Trump administration moves closer to oil drilling in Alaska’s Arctic National Wildlife Refuge
Reporting from Washington — The Trump administration took another step toward allowing oil and gas drilling in the Arctic National Wildlife Refuge by issuing a draft environmental impact statement that would outline four development alternatives, one of which would set some modest limits to protect caribou that use the area as a crucial summer calving ground.
Environmental groups roundly criticized the report, which they said had been rushed in an effort to get exploration started during President Trump’s first term.
The Interior Department’s Bureau of Land Management said Thursday that it still intends to hold an oil and gas lease sale in 2019 that would open up exploration of the refuge’s coastal plain on approximately 1.6 million acres of the 19.3-million-acre Arctic Refuge.
The first lease sale would offer no fewer than 400,000 acres of “high-potential” land for bids, the bureau said.
The refuge — home to polar bears, wolves, migratory birds and Porcupine caribou — has long been closed to oil and gas exploration despite great interest in the petroleum industry.

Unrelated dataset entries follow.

definition is_cycle :: "'h set set \<Rightarrow> 'h list \<Rightarrow> bool" where
  "is_cycle F p \<longleftrightarrow> is_path F p \<and> length p \<ge> 3 \<and> {last p, hd p} \<in> F"

definition reach :: "'h set set \<Rightarrow> 'h \<Rightarrow> 'h \<Rightarrow> bool" where
  "reach F x y \<longleftrightarrow> (\<exists>p. is_path F p \<and> hd p = x \<and> last p = y)"

definition fedges :: "'h set set \<Rightarrow> 'h set \<Rightarrow> 'h set set" where
  "fedges E Rt = {e \<in> E. \<not> e \<subseteq> Rt}"

definition rooted :: "nat \<Rightarrow> 'h set \<Rightarrow> 'h set set \<Rightarrow> ('h set \<Rightarrow> nat) \<Rightarrow> 'h set \<Rightarrow> bool" where
  "rooted t VH E col Rt \<longleftrightarrow> colored_graph t VH E col \<and> Rt \<subseteq> VH \<and>
     \<not> (\<exists>p. set p \<subseteq> VH \<and> is_cycle (fedges E Rt) p) \<and>
     (\<forall>v\<in>VH. \<exists>!r. r \<in> Rt \<and> reach (fedges E Rt) v r)"

definition root_path :: "'h set set \<Rightarrow> 'h set \<Rightarrow> 'h \<Rightarrow> 'h list \<Rightarrow> bool" where
  "root_path E Rt h p \<longleftrightarrow> is_path E p \<and> hd p = h \<and> last p \<in> Rt \<and>
     (\<forall>x\<in>set (butlast p). x \<notin> Rt)"

definition the_root_path :: "'h set set \<Rightarrow> 'h set \<Rightarrow> 'h \<Rightarrow> 'h list" where
  "the_root_path E Rt h = (THE p. root_path E Rt h p)"

definition parent :: "'h set set \<Rightarrow> 'h set \<Rightarrow> 'h \<Rightarrow> 'h" where
  "parent E Rt h = the_root_path E Rt h ! 1"

definition ancestors :: "'h set set \<Rightarrow> 'h set \<Rightarrow> 'h \<Rightarrow> 'h set" where
  "ancestors E Rt h = set (tl (the_root_path E Rt h))"

definition pcol :: "'h set set \<Rightarrow> ('h set \<Rightarrow> nat) \<Rightarrow> 'h set \<Rightarrow> 'h \<Rightarrow> nat" where
  "pcol E col Rt h = col {h, parent E Rt h}"

definition embedding :: "'v set \<Rightarrow> (nat \<Rightarrow> 'v \<Rightarrow> 'v \<Rightarrow> bool) \<Rightarrow> 'h set \<Rightarrow> 'h set set
     \<Rightarrow> ('h set \<Rightarrow> nat) \<Rightarrow> ('h \<Rightarrow> 'v) \<Rightarrow> bool" where
  "embedding V G VH E col \<phi> \<longleftrightarrow> inj_on \<phi> VH \<and> \<phi> ` VH \<subseteq> V \<and>
     (\<forall>x y. {x, y} \<in> E \<longrightarrow> G (col {x, y}) (\<phi> x) (\<phi> y))"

Climate change has made the area more delicate as melting ice has driven polar bears to spend more time in dens along the refuge’s coastal plain.
However, a controversial provision in the Tax Cuts and Jobs Act of 2017 provided for opening up the reserve’s coastal plain to drilling and ordered the administration to hold at least two lease sales within seven years.

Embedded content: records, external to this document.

(* Every formula denotes a union of cells, and since cells are relatively open simplices, a path
   whose interior stays in such a union can be replaced by a simplicial path with the same ends
   and the same property. Hence simplicially bisimilar points satisfy the same formulas: for Box, a
   segment from y into a neighbouring cell outside the set must be matched by a path from x, which
   starts inside the open set; for Gamma, the witnessing path is first made simplicial and then
   matched. Conversely, there are finitely many cells, so every class of logical equivalence is
   defined by a single formula. A simplicial path from x is then matched from any y equivalent to x
   one cell at a time: the piece inside a cell satisfies Gamma of the characteristic formulas of the
   class of that cell and of the class of its endpoint, and so does some simplicial path from y. *)

section \<open>Paths\<close>

lemma path_in_mem: "path_in P g \<Longrightarrow> t \<in> {0..1} \<Longrightarrow> g t \<in> P"
  unfolding path_in_def path_image_def by blast

lemma subpath_image_open_interval:
  fixes u v :: real
  assumes "u < v"
  shows "subpath u v g ` {0<..<1} = g ` {u<..<v}"
proof -
  have affine: "(\<lambda>t. (v - u) * t + u) ` {0<..<1} = {u<..<v}"
  proof
    show "(\<lambda>t. (v - u) * t + u) ` {0<..<1} \<subseteq> {u<..<v}"
    proof
      fix x assume "x \<in> (\<lambda>t. (v - u) * t + u) ` {0<..<1}"
      then obtain t where t: "0 < t" "t < 1" "x = (v - u) * t + u"
        by auto
      have "0 < (v - u) * t" "(v - u) * t < (v - u) * 1"
        using assms t by (simp_all add: mult_strict_left_mono)
      then show "x \<in> {u<..<v}"
        using t(3) by simp
    qed
    show "{u<..<v} \<subseteq> (\<lambda>t. (v - u) * t + u) ` {0<..<1}"
    proof
      fix x assume x: "x \<in> {u<..<v}"
      then have "x = (v - u) * ((x - u) / (v - u)) + u" "(x - u) / (v - u) \<in> {0<..<1}"
        using assms by (auto simp: divide_simps)
      then show "x \<in> (\<lambda>t. (v - u) * t + u) ` {0<..<1}"
        using rev_image_eqI by blast
    qed
  qed
  have "subpath u v g ` {0<..<1} = g ` ((\<lambda>t. (v - u) * t + u) ` {0<..<1})"
    by (simp only: subpath_def image_image)
  then show ?thesis
    by (simp only: affine)
qed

“An energy-dominant America starts with an energy-dominant Alaska,” outgoing Interior Secretary Ryan Zinke said in a statement.

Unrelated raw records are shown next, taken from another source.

lemma not_in_convex_hull_if_separated:
  assumes "orient q r x * orient q r y < 0"
  shows "x \<notin> convex hull {q, r, y}"
proof
  assume "x \<in> convex hull {q, r, y}"
  then obtain u v w where "0 \<le> w" "u + v + w = 1" and x: "x = u *\<^sub>R q + v *\<^sub>R r + w *\<^sub>R y"
    unfolding convex_hull_3 by blast
  then have u: "u = 1 - v - w" by simp
  have "orient q r x = w * orient q r y"
    unfolding x u by (simp add: orient_def algebra_simps)
  then have "orient q r x * orient q r y = w * (orient q r y)\<^sup>2"
    by (simp add: power2_eq_square)
  with assms \<open>0 \<le> w\<close> show False
    by (metis mult_nonneg_nonneg zero_le_power2 linorder_not_less)
qed

lemma convex_quadrilateralI:
  fixes s :: real
  assumes 123: "0 < s * orient p1 p2 p3" and 234: "0 < s * orient p2 p3 p4"
    and 341: "0 < s * orient p3 p4 p1" and 412: "0 < s * orient p4 p1 p2"
  shows "convex_quadrilateral p1 p2 p3 p4"
proof -
  have agree: "0 < X * Y" if "0 < s * X" "0 < s * Y" for X Y :: real
    using that by (auto simp: zero_less_mult_iff)
  have disagree: "X * - Y < 0" if "0 < s * X" "0 < s * Y" for X Y :: real
    using agree[OF that] by simp
  have "p1 \<noteq> p2" "p1 \<noteq> p3" "p2 \<noteq> p3" using 123 by auto
  moreover have "p2 \<noteq> p4" "p3 \<noteq> p4" using 234 by auto
  moreover have "p1 \<noteq> p4" using 341 by auto
  ultimately have dist: "distinct [p1, p2, p3, p4]" by simp
  have "same_side p1 p2 p3 p4" using agree[OF 123 412]
    by (simp add: same_side_def orient_cyclic[of p4 p1 p2])
  moreover have "same_side p2 p3 p4 p1" using agree[OF 234 123]
    by (simp add: same_side_def orient_cyclic[of p1 p2 p3])
  moreover have "same_side p3 p4 p1 p2" using agree[OF 341 234]
    by (simp add: same_side_def orient_cyclic[of p2 p3 p4])
  moreover have "same_side p4 p1 p2 p3" using agree[OF 412 341]
    by (simp add: same_side_def orient_cyclic[of p3 p4 p1])
  moreover have "convex_position {p1, p2, p3, p4}"
  proof -
    have "orient p2 p4 p1 * orient p2 p4 p3 < 0"
      using disagree[OF 412 234] by (simp add: orient_cyclic[of p2 p4 p1] orient_swap[of p2 p4 p3])
    moreover have "orient p1 p3 p2 * orient p1 p3 p4 < 0"
      using disagree[OF 341 123]
      by (simp add: orient_cyclic[of p1 p3 p4] orient_swap[of p1 p3 p2] mult.commute)
    ultimately have "p1 \<notin> convex hull {p2, p4, p3}" "p3 \<notin> convex hull {p2, p4, p1}"
      "p2 \<notin> convex hull {p1, p3, p4}" "p4 \<notin> convex hull {p1, p3, p2}"
      by (simp_all add: not_in_convex_hull_if_separated mult.commute)
    moreover have "{p1, p2, p3, p4} - {p1} = {p2, p4, p3}" "{p1, p2, p3, p4} - {p3} = {p2, p4, p1}"
      "{p1, p2, p3, p4} - {p2} = {p1, p3, p4}" "{p1, p2, p3, p4} - {p4} = {p1, p3, p2}"
      using dist by auto
    ultimately show ?thesis unfolding convex_position_def by auto
  qed
  ultimately show ?thesis using dist by (simp add: convex_quadrilateral_def)
qed

lemma convex_quadrilateral_if_diagonals_separate:
  assumes abd_abc: "0 < orient a b d * orient a b c"
    and abd_adc: "0 < orient a b d * orient a d c"
    and bac_bcd: "0 < orient b a c * orient b c d"
  shows "convex_quadrilateral a b d c"
proof -
  have same_sign: "0 < X * Z" if "0 < X * Y" "0 < Y * Z" for X Y Z :: real
    using that by (auto simp: zero_less_mult_iff)
  have abc_bdc: "0 < orient a b c * orient b d c"
    using bac_bcd by (simp add: orient_cyclic[of b a c] orient_swap[of a b c] orient_swap[of b c d])
  show ?thesis
  proof (rule convex_quadrilateralI[where s = "orient a b d"])
    show "0 < orient a b d * orient a b d"
      using same_sign[OF abd_abc] abd_abc by (metis mult.commute)
    show "0 < orient a b d * orient b d c" using same_sign[OF abd_abc abc_bdc] .
    show "0 < orient a b d * orient d c a" using abd_adc by (simp add: orient_cyclic[of a d c])
    show "0 < orient a b d * orient c a b" using abd_abc by (simp add: orient_cyclic[of c a b])
  qed
qed

lemma walk_iff_successively:
  "walk T xs \<longleftrightarrow> xs \<noteq> [] \<and> successively (\<lambda>x y. {x, y} \<in> T) xs"
  by (simp add: walk_def successively_conv_nth)

lemma walk_remdups_adj:
  assumes "xs \<noteq> []" and "successively (\<lambda>x y. x = y \<or> {x, y} \<in> T) xs"
  shows "walk T (remdups_adj xs)"
proof -
  have "successively (\<lambda>x y. x = y \<or> {x, y} \<in> T) (remdups_adj xs)"
    using assms(2) by (rule successively_remdups_adjI)
  moreover have "distinct_adj (remdups_adj xs)" by simp
  ultimately show ?thesis
    using assms(1) by (auto simp: walk_iff_successively successively_conv_nth distinct_adj_conv_nth)
qed

lemma has_cycle_two_neighbours:
  assumes "has_cycle T"
  obtains V where "card V \<ge> 3"
    and "\<And>v. v \<in> V \<Longrightarrow> \<exists>w w'. w \<noteq> w' \<and> {v, w} \<in> T \<and> {v, w'} \<in> T"
proof -
  obtain xs where len: "length xs \<ge> 3" and dist: "distinct xs" and w: "walk T xs"
    and closing: "{last xs, hd xs} \<in> T"
    using assms unfolding has_cycle_def by blast
  define n where "n = length xs"
  define succ where "succ i = (if i + 1 < n then i + 1 else 0)" for i
  have n: "n \<ge> 3" and ne: "xs \<noteq> []" using len by (auto simp: n_def)
  have edge: "{xs ! i, xs ! succ i} \<in> T" if "i < n" for i
  proof (cases "i + 1 < n")
    case True
    then show ?thesis using w by (simp add: walk_def n_def succ_def)
  next
    case False
    then have "i = n - 1" using that by simp
    moreover have "xs ! (n - 1) = last xs" "xs ! 0 = hd xs"
      using ne by (simp_all add: n_def last_conv_nth hd_conv_nth)
    ultimately show ?thesis using closing False by (simp add: succ_def insert_commute)
  qed
  have "\<exists>w w'. w \<noteq> w' \<and> {xs ! i, w} \<in> T \<and> {xs ! i, w'} \<in> T" if "i < n" for i
  proof -
    define pred where "pred = (if i = 0 then n - 1 else i - 1)"
    have "pred < n" "succ i < n" "succ pred = i" "succ i \<noteq> pred"
      using that n by (auto simp: pred_def succ_def)
    then show ?thesis
      using edge[of i] edge[of pred] that dist
      by (intro exI[of _ "xs ! succ i"] exI[of _ "xs ! pred"])
        (simp add: n_def nth_eq_iff_index_eq insert_commute)
  qed
  then show ?thesis
    using that[of "set xs"] len dist by (metis distinct_card in_set_conv_nth n_def)
qed

lemma doubleton_in_complete_edges:
  "{u, v} \<in> complete_edges P \<longleftrightarrow> u \<in> P \<and> v \<in> P \<and> u \<noteq> v"
  unfolding complete_edges_def by (blast dest: doubleton_eq_iff[THEN iffD1])

lemma not_crossing_if_common_vertex:
  assumes "general_position P" "e \<in> complete_edges P" "f \<in> complete_edges P" "e \<noteq> f"
    and "u \<in> e" "u \<in> f"
  shows "\<not> crossing e f"
proof -
  obtain v w where e: "e = {u, v}" and f: "f = {u, w}"
    and "u \<in> P" "v \<in> P" "w \<in> P" "u \<noteq> v" "u \<noteq> w" "v \<noteq> w"
    using assms(2-6) unfolding complete_edges_def by (auto simp: insert_commute)
  then have "closed_segment u v \<inter> closed_segment u w \<subseteq> {u}"
    using assms(1) by (intro closed_segments_common_endpoint general_position_orient_nonzero)
  then show ?thesis by (auto simp: crossing_def e f)
qed

definition double_star :: "point set \<Rightarrow> point \<Rightarrow> point \<Rightarrow> point set \<Rightarrow> point set set" where
  "double_star P a b A = insert {a, b} ((\<lambda>x. {a, x}) ` A \<union> (\<lambda>y. {b, y}) ` (P - {a, b} - A))"

definition noncrossing_split :: "point set \<Rightarrow> point \<Rightarrow> point \<Rightarrow> point set \<Rightarrow> bool" where
  "noncrossing_split P a b A \<longleftrightarrow> A \<subseteq> P - {a, b} \<and>
     (\<forall>x\<in>A. \<forall>y\<in>P - {a, b} - A. closed_segment a x \<inter> closed_segment b y = {})"

lemma double_star_edgeE:
  assumes "e \<in> double_star P a b A"
  obtains "e = {a, b}" | x where "x \<in> A" "e = {a, x}" | y where "y \<in> P - {a, b} - A" "e = {b, y}"
  using assms unfolding double_star_def by (elim insertE UnE imageE) (simp_all add: that)

lemma double_star_subset_complete_edges:
  assumes "A \<subseteq> P - {a, b}" "a \<in> P" "b \<in> P" "a \<noteq> b"
  shows "double_star P a b A \<subseteq> complete_edges P"
  using assms by (auto elim!: double_star_edgeE simp: doubleton_in_complete_edges)

lemma double_star_unique_neighbour:
  assumes "{v, w} \<in> double_star P a b A" "v \<notin> {a, b}" "A \<subseteq> P - {a, b}"
  shows "w = (if v \<in> A then a else b)"
  using assms by (auto elim!: double_star_edgeE simp: doubleton_eq_iff)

One of the four development alternatives in the 392-page draft would protect the caribou’s summer habitat by putting aside 708,600 acres while still allowing oil and gas leases on more than 1 million acres, the draft said. Some of the alternative sets of regulations would limit some summer activity to avoid disturbing calving caribou season.
The Bureau of Land Management said it would hold public meetings in Washington and the Alaskan cities of Anchorage, Arctic Village, Fairbanks, Kaktovik, Fort Yukon, Venetie and Utqiaġvik. It set a 45-day comment period ending Feb. 11. A final environmental statemenmt would follow, then a lease sale.
Environmental groups are unhappy with the process.
“There’s no precedent for anything done this quickly for an environmental review of this scale,” said Adam Kolton, executive director of the Alaska Wilderness League. He said that “this is really a rubber-stamp exercise rather than an effort to mitigate the impact to wildlife on the coastal plain.”
He said that the location of the public hearings — all but one in Alaska — was unfair to people living elsewhere in the U.S. “These are public lands that belong to all Americans,” he said, adding that polls show widespread opposition to drilling in the refuge.
The Wilderness Society issued a report saying that the administration’s estimates of oil in the refuge “was based on outdated information and overly optimistic assumptions about how much oil exists in the region, the price of such oil and the speed with which it could be developed and taken to market.”
The society’s report notes that the December 2017 sale on the National Petroleum Reserve-Alaska attracted bids on less than 1% of the 10.3 million acres offered.
A source familiar with Alaska lease sales but who spoke on the condition of anonymity said that for now, oil companies weighing bids include Exxon Mobil, Chevron, BP, ConocoPhillips, ASRC, Oil Search, Armstrong and Repsol.